Pastaria Festival 2021, here is the programme
22 October 2021 Off By PastariaThe programme of the Pastaria Festival 2021, that will be held in Milan (26 October).
MORNING
9:30-9:45 am
Admission of participants
9:45-10:10 am
Opening of the proceedings
Gherardo Bonetto (APPF), Riccardo Felicetti (Unione Italiana Food), Fabio Fontaneto (APPAFRE), Lorenzo Pini (Pastaria), Carl Zuanelli (IPO, NPA)
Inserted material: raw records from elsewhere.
definition servers_before :: "(nat \<times> nat) set \<Rightarrow> nat \<Rightarrow> nat set" where
  "servers_before M j = {n. \<exists>m<j. (m, n) \<in> M}"

lemma is_FCFS_earlier_server_taken:
  "is_FCFS E cs ss M \<Longrightarrow> (m, n) \<in> M \<Longrightarrow> l < n \<Longrightarrow> (cs ! m, ss ! l) \<in> E
    \<Longrightarrow> \<exists>k<m. (k, l) \<in> M"
  unfolding is_FCFS_def by (drule bspec) auto

lemma is_FCFS_earlier_customer_served:
  "is_FCFS E cs ss M \<Longrightarrow> (m, n) \<in> M \<Longrightarrow> k < m \<Longrightarrow> (cs ! k, ss ! n) \<in> E
    \<Longrightarrow> \<exists>l<n. (k, l) \<in> M"
  unfolding is_FCFS_def by (drule bspec) auto

lemma first_free_complete_FCFS_matched:
  assumes M: "complete_FCFS E cs ss M" and jn: "(j, n) \<in> M"
  shows "first_free E ss (servers_before M j) (cs ! j) = Some n"
proof -
  have match: "is_matching E cs ss M" and fcfs: "is_FCFS E cs ss M"
    using M by (simp_all add: complete_FCFS_def)
  have "n < length ss" "(cs ! j, ss ! n) \<in> E"
    using match jn by (auto simp: is_matching_def)
  moreover have "n \<notin> servers_before M j"
    using match jn unfolding is_matching_def servers_before_def by blast
  moreover have "l \<in> servers_before M j" if "l < n" "(cs ! j, ss ! l) \<in> E" for l
    using is_FCFS_earlier_server_taken[OF fcfs jn that] by (simp add: servers_before_def)
  ultimately show ?thesis by (auto simp: first_free_eq_Some_iff admissible_def)
qed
SESSION 1: PASTA PACKAGING
10:10-10:30 am
Design and innovation for pasta packaging
Fabio Licciardello (University of Modena and Reggio Emilia, GSICA), Elena Torrieri (University of Naples Federico II, GSICA)
10:30-10:50 am
Ecodesign and end-of-life scenarios for fresh pasta packaging
Francesca Mostardini (University of Parma, GSICA), Davide Pollon (Corepla)
10:50-11:10 am
The perishability of packaged fresh pasta during the distribution phases: the role of packaging gases and the characteristics of light sources
Sara Limbo (University of Milan, GSICA)
Questions and discussion
11:20-11:40 • BREAK
SESSION 2: DRIED PASTA, INNOVATION AND SUSTAINABILITY
11:40 am – 12:00 pm
Legume pasta: innovation from the past
Alessandra Marti (University of Milan)
12:00-12:20 pm
Development of innovative pasta of high dietary and nutritional value and environmental sustainability
Emanuele Marconi (University of Molise)
12:20-12:40 pm
Protein extracts from insects to produce “high protein content” pasta
Gabriella Pasini (University of Padua)
Questions and discussion
SESSION 3: PASTA AWARDS
12:50 – 1:10 pm
Designation of the Pastaria Awards for degree and doctoral theses on the subject of pasta
Ambra Bonciolini (Formulation of egg pasta fortified with tannins: assessment of antiradical activity and cholesterol oxidation), Emanuele Fagetti (Nutritional and health properties of pasta enriched with leftover carrot pulp extract capsules), Veronica Gallo (Modelling in vitro digestion as strategy in developing tailored food for specific consumer population)
AFTERNOON
SESSION 4: PASTA, HEALTH AND NUTRITION
2:20-2:40 pm
Digestibility of legume pasta
Elena Vittadini (University of Camerino)
2:40-3:00 pm
Innovative wheats to reduce the glycaemic index of pasta
Francesco Sestili (Tuscia University)
Questions and discussion
SESSION 5: FRESH PASTA AND QUALITY
3:10-3:30 pm
Fresh pasta produced from fermented durum wheat flours: technological and nutritional aspects
Pasquale Catzeddu (Porto Conte Ricerche)
3:30-3:50 pm
Application of MAP packaging to increase the safety and shelf-life of filled fresh pasta
Marco Dalla Rosa (University of Bologna), Stefano Zardetto (Voltan)
3:50-4:00 pm
Biofresh: ozone management systems for the containment of mould on pasta [sponsored presentation]
Luca Sivelli (Biofresh)
Questions and discussion
4:10-4:30 • BREAK
SESSION 6: MARKET, CONSUMPTION AND GLOBAL TRENDS
4:30-4:50 pm
Promotion of short supply chains and local production in response to the COVID-19 crisis and the environmental emergency
Alessio Cappelli (Università of Florence)
4:50-5:20 pm
Pasta and new dietary habits: continuity and new trends
Sara Beretta (Nielsen), Matteo Bonù (Nielsen)
5:20-5:40 pm
Away from home pasta consumption before and after the pandemic
Matteo Figura (The NPD Group)
Questions, discussion and closure of proceedings
GENERAL ASSEMBLIES
The International Pasta Organisation (IPO) and the Union des Associations de Fabricants de Pâtes Alimentaires de l’U.E. (UNAFPA) will hold their annual general assemblies during the Pastaria Festival. Participation is reserved for member pasta factories.
INFORMATION
Date: 26 ottobre 2021
Place: Fiera Milano Rho
Time: 9:30 am – 6:00 pm (CET)
How to attend
Attendance is free-of-charge and reserved for those working in the sector. Places are limited.
In person
In-person attendees of Tuttofood will have free access to the Retail Plaza area of Pavilion 6, where the Pastaria Festival will be held.
Online
To attend online, follow the instructions provided in the free Pastaria App and in the Pastaria newsletter that will be sent immediately before the event.
Simultaneous translation
Simultaneous translation (English/Italian) is only available online, by connecting to the webinar from a computer, tablet or smartphone.